■ About this task:
The records that follow are to be repeated without alteration.

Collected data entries
BEGIN
lemma sech_gap_deriv_eventually_pos:
  assumes "1 < n"
  shows "\<forall>\<^sub>F t in at_right 0. 0 < sech_gap_deriv n t"
proof -
  have "((\<lambda>t. sech_gap_deriv n t / t) \<longlongrightarrow> n * n - 1) (at_right 0)"
    using assms unfolding sech_gap_deriv_def by real_asymp
  moreover have "0 < n * n - 1"
    using assms by (simp add: less_1_mult)
  ultimately have "\<forall>\<^sub>F t in at_right 0. 0 < sech_gap_deriv n t / t"
    by (intro order_tendstoD(1)) auto
  then show ?thesis
    using eventually_at_right_less[of 0]
    by eventually_elim (simp add: zero_less_divide_iff)
qed

lemma sech_gap_deriv_eventually_neg:
  assumes "1 < n"
  shows "\<forall>\<^sub>F t in at_top. sech_gap_deriv n t < 0"
  using assms unfolding sech_gap_deriv_def by real_asymp

lemma level_set_eq_two_points:
  fixes f :: "real \<Rightarrow> real"
  assumes cont: "continuous_on {0..} f" and f0: "f 0 = 0" and lim: "(f \<longlongrightarrow> 0) at_top"
    and "0 < a" "a < B"
    and inc: "strict_mono_on {0..a} f" and dec: "strict_antimono_on {B..} f"
    and lower: "\<And>t. a \<le> t \<Longrightarrow> t \<le> B \<Longrightarrow> m \<le> f t"
    and eps: "0 < eps" "eps < m"
  obtains t1 t2 where "0 < t1" "t1 < a" "B < t2" "{t. 0 < t \<and> f t = eps} = {t1, t2}"
proof -
  have cont_interval: "continuous_on {x..y} f" if "0 \<le> x" for x y
    using continuous_on_subset[OF cont] that by auto
  have fa: "eps < f a" and fB: "eps < f B"
    using lower[of a] lower[of B] eps \<open>a < B\<close> by auto
  obtain t1 where t1: "0 \<le> t1" "t1 \<le> a" "f t1 = eps"
    using IVT'[of f 0 eps a] f0 eps fa \<open>0 < a\<close> cont_interval[of 0 a] by auto
  moreover have "t1 \<noteq> 0" "t1 \<noteq> a"
    using t1 f0 eps fa by auto
  ultimately have t1_bounds: "0 < t1" "t1 < a"
    by auto
  have "\<forall>\<^sub>F t in at_top. B \<le> t \<and> f t < eps"
    using eventually_ge_at_top order_tendstoD(2)[OF lim eps(1)] by (rule eventually_conj)
  then obtain C where "B \<le> C" "f C < eps"
    by (auto simp: eventually_at_top_linorder)
  then obtain t2 where t2: "B \<le> t2" "f t2 = eps"
    using IVT2'[of f C eps B] fB \<open>0 < a\<close> \<open>a < B\<close> cont_interval[of B C] by auto
  with fB have t2_bound: "B < t2"
    by (cases "t2 = B") auto
  have inj_inc: "inj_on f {0..a}"
    using inc by (rule strict_mono_on_imp_inj_on)
  have inj_dec: "inj_on f {B..}"
    using dec strict_antimono_iff_antimono by blast
  have "t = t1 \<or> t = t2" if "0 < t" "f t = eps" for t
  proof -
    consider "t \<le> a" | "a < t" "t < B" | "B \<le> t"
      by linarith
    then show ?thesis
    proof cases
      case 1
      then show ?thesis
        using inj_onD[OF inj_inc, of t t1] that t1 by auto
    next
      case 2
      then show ?thesis
        using lower[of t] that eps by auto
    next
      case 3
      then show ?thesis
        using inj_onD[OF inj_dec, of t t2] that t2 by auto
    qed
  qed
  then have "{t. 0 < t \<and> f t = eps} = {t1, t2}"
    using t1 t1_bounds t2 t2_bound \<open>0 < a\<close> \<open>a < B\<close> by auto
  with t1_bounds t2_bound show ?thesis
    using that by blast
qed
END
■ Problem solution:
lemma sech_gap_deriv_eventually_pos:
  assumes "1 < n"
  shows "\<forall>\<^sub>F t in at_right 0. 0 < sech_gap_deriv n t"
proof -
  have "((\<lambda>t. sech_gap_deriv n t / t) \<longlongrightarrow> n * n - 1) (at_right 0)"
    using assms unfolding sech_gap_deriv_def by real_asymp
  moreover have "0 < n * n - 1"
    using assms by (simp add: less_1_mult)
  ultimately have "\<forall>\<^sub>F t in at_right 0. 0 < sech_gap_deriv n t / t"
    by (intro order_tendstoD(1)) auto
  then show ?thesis
    using eventually_at_right_less[of 0]
    by eventually_elim (simp add: zero_less_divide_iff)
qed

lemma sech_gap_deriv_eventually_neg:
  assumes "1 < n"
  shows "\<forall>\<^sub>F t in at_top. sech_gap_deriv n t < 0"
  using assms unfolding sech_gap_deriv_def by real_asymp

lemma level_set_eq_two_points:
  fixes f :: "real \<Rightarrow> real"
  assumes cont: "continuous_on {0..} f" and f0: "f 0 = 0" and lim: "(f \<longlongrightarrow> 0) at_top"
    and "0 < a" "a < B"
    and inc: "strict_mono_on {0..a} f" and dec: "strict_antimono_on {B..} f"
    and lower: "\<And>t. a \<le> t \<Longrightarrow> t \<le> B \<Longrightarrow> m \<le> f t"
    and eps: "0 < eps" "eps < m"
  obtains t1 t2 where "0 < t1" "t1 < a" "B < t2" "{t. 0 < t \<and> f t = eps} = {t1, t2}"
proof -
  have cont_interval: "continuous_on {x..y} f" if "0 \<le> x" for x y
    using continuous_on_subset[OF cont] that by auto
  have fa: "eps < f a" and fB: "eps < f B"
    using lower[of a] lower[of B] eps \<open>a < B\<close> by auto
  obtain t1 where t1: "0 \<le> t1" "t1 \<le> a" "f t1 = eps"
    using IVT'[of f 0 eps a] f0 eps fa \<open>0 < a\<close> cont_interval[of 0 a] by auto
  moreover have "t1 \<noteq> 0" "t1 \<noteq> a"
    using t1 f0 eps fa by auto
  ultimately have t1_bounds: "0 < t1" "t1 < a"
    by auto
  have "\<forall>\<^sub>F t in at_top. B \<le> t \<and> f t < eps"
    using eventually_ge_at_top order_tendstoD(2)[OF lim eps(1)] by (rule eventually_conj)
  then obtain C where "B \<le> C" "f C < eps"
    by (auto simp: eventually_at_top_linorder)
  then obtain t2 where t2: "B \<le> t2" "f t2 = eps"
    using IVT2'[of f C eps B] fB \<open>0 < a\<close> \<open>a < B\<close> cont_interval[of B C] by auto
  with fB have t2_bound: "B < t2"
    by (cases "t2 = B") auto
  have inj_inc: "inj_on f {0..a}"
    using inc by (rule strict_mono_on_imp_inj_on)
  have inj_dec: "inj_on f {B..}"
    using dec strict_antimono_iff_antimono by blast
  have "t = t1 \<or> t = t2" if "0 < t" "f t = eps" for t
  proof -
    consider "t \<le> a" | "a < t" "t < B" | "B \<le> t"
      by linarith
    then show ?thesis
    proof cases
      case 1
      then show ?thesis
        using inj_onD[OF inj_inc, of t t1] that t1 by auto
    next
      case 2
      then show ?thesis
        using lower[of t] that eps by auto
    next
      case 3
      then show ?thesis
        using inj_onD[OF inj_dec, of t t2] that t2 by auto
    qed
  qed
  then have "{t. 0 < t \<and> f t = eps} = {t1, t2}"
    using t1 t1_bounds t2 t2_bound \<open>0 < a\<close> \<open>a < B\<close> by auto
  with t1_bounds t2_bound show ?thesis
    using that by blast
qed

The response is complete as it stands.